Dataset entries
Segment Open

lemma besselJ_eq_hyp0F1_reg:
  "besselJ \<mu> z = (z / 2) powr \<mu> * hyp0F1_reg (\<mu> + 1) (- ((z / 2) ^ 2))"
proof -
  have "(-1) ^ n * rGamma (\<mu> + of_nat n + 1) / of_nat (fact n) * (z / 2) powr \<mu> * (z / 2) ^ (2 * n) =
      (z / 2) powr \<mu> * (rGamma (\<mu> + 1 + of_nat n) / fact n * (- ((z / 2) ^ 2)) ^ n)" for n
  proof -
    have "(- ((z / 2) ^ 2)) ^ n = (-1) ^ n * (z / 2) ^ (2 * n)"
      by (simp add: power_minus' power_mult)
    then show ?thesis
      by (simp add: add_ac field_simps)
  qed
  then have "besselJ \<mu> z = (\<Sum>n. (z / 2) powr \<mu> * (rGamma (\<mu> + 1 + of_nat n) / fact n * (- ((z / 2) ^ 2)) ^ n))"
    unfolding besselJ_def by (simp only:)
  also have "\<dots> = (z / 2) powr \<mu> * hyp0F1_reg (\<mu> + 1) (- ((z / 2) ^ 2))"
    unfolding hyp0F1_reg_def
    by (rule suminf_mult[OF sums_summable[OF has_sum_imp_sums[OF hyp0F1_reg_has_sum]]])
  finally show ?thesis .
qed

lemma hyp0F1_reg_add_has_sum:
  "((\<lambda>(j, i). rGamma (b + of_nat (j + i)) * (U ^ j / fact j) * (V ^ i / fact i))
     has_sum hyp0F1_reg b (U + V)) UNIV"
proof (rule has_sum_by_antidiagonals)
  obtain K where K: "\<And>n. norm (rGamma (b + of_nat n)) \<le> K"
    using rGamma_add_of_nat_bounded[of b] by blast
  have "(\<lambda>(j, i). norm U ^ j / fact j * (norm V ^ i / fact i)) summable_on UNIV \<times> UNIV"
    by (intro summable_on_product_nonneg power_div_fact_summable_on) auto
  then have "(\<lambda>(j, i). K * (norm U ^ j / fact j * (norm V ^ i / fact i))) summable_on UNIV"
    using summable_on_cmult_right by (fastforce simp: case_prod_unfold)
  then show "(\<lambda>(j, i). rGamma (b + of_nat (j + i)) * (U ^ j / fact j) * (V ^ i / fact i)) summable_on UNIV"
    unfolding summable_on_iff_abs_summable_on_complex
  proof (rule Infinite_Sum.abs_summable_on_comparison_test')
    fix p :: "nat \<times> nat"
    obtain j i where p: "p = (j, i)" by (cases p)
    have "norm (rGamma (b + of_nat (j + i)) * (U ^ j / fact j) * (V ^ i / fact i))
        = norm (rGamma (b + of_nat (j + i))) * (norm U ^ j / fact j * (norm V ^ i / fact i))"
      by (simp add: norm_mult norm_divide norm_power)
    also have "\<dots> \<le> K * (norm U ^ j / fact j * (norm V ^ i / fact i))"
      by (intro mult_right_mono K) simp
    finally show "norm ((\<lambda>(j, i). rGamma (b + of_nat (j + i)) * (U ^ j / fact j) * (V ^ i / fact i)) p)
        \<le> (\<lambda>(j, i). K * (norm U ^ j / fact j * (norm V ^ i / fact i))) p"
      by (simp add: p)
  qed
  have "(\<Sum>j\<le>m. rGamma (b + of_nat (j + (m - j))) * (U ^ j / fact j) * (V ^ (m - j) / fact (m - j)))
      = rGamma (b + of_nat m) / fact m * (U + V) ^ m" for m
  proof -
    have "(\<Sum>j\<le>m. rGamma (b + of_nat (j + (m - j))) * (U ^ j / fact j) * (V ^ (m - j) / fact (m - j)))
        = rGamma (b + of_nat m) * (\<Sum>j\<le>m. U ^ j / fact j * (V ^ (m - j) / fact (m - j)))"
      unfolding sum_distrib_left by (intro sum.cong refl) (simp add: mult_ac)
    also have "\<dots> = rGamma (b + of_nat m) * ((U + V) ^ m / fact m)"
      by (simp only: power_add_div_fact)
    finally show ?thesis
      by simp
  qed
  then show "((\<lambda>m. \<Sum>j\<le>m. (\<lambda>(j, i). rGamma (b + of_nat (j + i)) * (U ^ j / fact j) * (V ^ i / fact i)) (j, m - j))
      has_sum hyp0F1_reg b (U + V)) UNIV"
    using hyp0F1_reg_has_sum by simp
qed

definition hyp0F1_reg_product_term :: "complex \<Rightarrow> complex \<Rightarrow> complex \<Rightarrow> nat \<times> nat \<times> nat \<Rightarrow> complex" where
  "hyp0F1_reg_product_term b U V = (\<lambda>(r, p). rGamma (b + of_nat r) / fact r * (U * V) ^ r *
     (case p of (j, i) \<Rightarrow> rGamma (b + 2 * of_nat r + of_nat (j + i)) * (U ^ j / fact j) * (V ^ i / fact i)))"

Segment Closed

■ TASK BRIEF ■
Restate each of the entries above verbatim.

■ EXERCISE RESULT ■
lemma besselJ_eq_hyp0F1_reg:
  "besselJ \<mu> z = (z / 2) powr \<mu> * hyp0F1_reg (\<mu> + 1) (- ((z / 2) ^ 2))"
proof -
  have "(-1) ^ n * rGamma (\<mu> + of_nat n + 1) / of_nat (fact n) * (z / 2) powr \<mu> * (z / 2) ^ (2 * n) =
      (z / 2) powr \<mu> * (rGamma (\<mu> + 1 + of_nat n) / fact n * (- ((z / 2) ^ 2)) ^ n)" for n
  proof -
    have "(- ((z / 2) ^ 2)) ^ n = (-1) ^ n * (z / 2) ^ (2 * n)"
      by (simp add: power_minus' power_mult)
    then show ?thesis
      by (simp add: add_ac field_simps)
  qed
  then have "besselJ \<mu> z = (\<Sum>n. (z / 2) powr \<mu> * (rGamma (\<mu> + 1 + of_nat n) / fact n * (- ((z / 2) ^ 2)) ^ n))"
    unfolding besselJ_def by (simp only:)
  also have "\<dots> = (z / 2) powr \<mu> * hyp0F1_reg (\<mu> + 1) (- ((z / 2) ^ 2))"
    unfolding hyp0F1_reg_def
    by (rule suminf_mult[OF sums_summable[OF has_sum_imp_sums[OF hyp0F1_reg_has_sum]]])
  finally show ?thesis .
qed

lemma hyp0F1_reg_add_has_sum:
  "((\<lambda>(j, i). rGamma (b + of_nat (j + i)) * (U ^ j / fact j) * (V ^ i / fact i))
     has_sum hyp0F1_reg b (U + V)) UNIV"
proof (rule has_sum_by_antidiagonals)
  obtain K where K: "\<And>n. norm (rGamma (b + of_nat n)) \<le> K"
    using rGamma_add_of_nat_bounded[of b] by blast
  have "(\<lambda>(j, i). norm U ^ j / fact j * (norm V ^ i / fact i)) summable_on UNIV \<times> UNIV"
    by (intro summable_on_product_nonneg power_div_fact_summable_on) auto
  then have "(\<lambda>(j, i). K * (norm U ^ j / fact j * (norm V ^ i / fact i))) summable_on UNIV"
    using summable_on_cmult_right by (fastforce simp: case_prod_unfold)
  then show "(\<lambda>(j, i). rGamma (b + of_nat (j + i)) * (U ^ j / fact j) * (V ^ i / fact i)) summable_on UNIV"
    unfolding summable_on_iff_abs_summable_on_complex
  proof (rule Infinite_Sum.abs_summable_on_comparison_test')
    fix p :: "nat \<times> nat"
    obtain j i where p: "p = (j, i)" by (cases p)
    have "norm (rGamma (b + of_nat (j + i)) * (U ^ j / fact j) * (V ^ i / fact i))
        = norm (rGamma (b + of_nat (j + i))) * (norm U ^ j / fact j * (norm V ^ i / fact i))"
      by (simp add: norm_mult norm_divide norm_power)
    also have "\<dots> \<le> K * (norm U ^ j / fact j * (norm V ^ i / fact i))"
      by (intro mult_right_mono K) simp
    finally show "norm ((\<lambda>(j, i). rGamma (b + of_nat (j + i)) * (U ^ j / fact j) * (V ^ i / fact i)) p)
        \<le> (\<lambda>(j, i). K * (norm U ^ j / fact j * (norm V ^ i / fact i))) p"
      by (simp add: p)
  qed
  have "(\<Sum>j\<le>m. rGamma (b + of_nat (j + (m - j))) * (U ^ j / fact j) * (V ^ (m - j) / fact (m - j)))
      = rGamma (b + of_nat m) / fact m * (U + V) ^ m" for m
  proof -
    have "(\<Sum>j\<le>m. rGamma (b + of_nat (j + (m - j))) * (U ^ j / fact j) * (V ^ (m - j) / fact (m - j)))
        = rGamma (b + of_nat m) * (\<Sum>j\<le>m. U ^ j / fact j * (V ^ (m - j) / fact (m - j)))"
      unfolding sum_distrib_left by (intro sum.cong refl) (simp add: mult_ac)
    also have "\<dots> = rGamma (b + of_nat m) * ((U + V) ^ m / fact m)"
      by (simp only: power_add_div_fact)
    finally show ?thesis
      by simp
  qed
  then show "((\<lambda>m. \<Sum>j\<le>m. (\<lambda>(j, i). rGamma (b + of_nat (j + i)) * (U ^ j / fact j) * (V ^ i / fact i)) (j, m - j))
      has_sum hyp0F1_reg b (U + V)) UNIV"
    using hyp0F1_reg_has_sum by simp
qed

definition hyp0F1_reg_product_term :: "complex \<Rightarrow> complex \<Rightarrow> complex \<Rightarrow> nat \<times> nat \<times> nat \<Rightarrow> complex" where
  "hyp0F1_reg_product_term b U V = (\<lambda>(r, p). rGamma (b + of_nat r) / fact r * (U * V) ^ r *
     (case p of (j, i) \<Rightarrow> rGamma (b + 2 * of_nat r + of_nat (j + i)) * (U ^ j / fact j) * (V ^ i / fact i)))"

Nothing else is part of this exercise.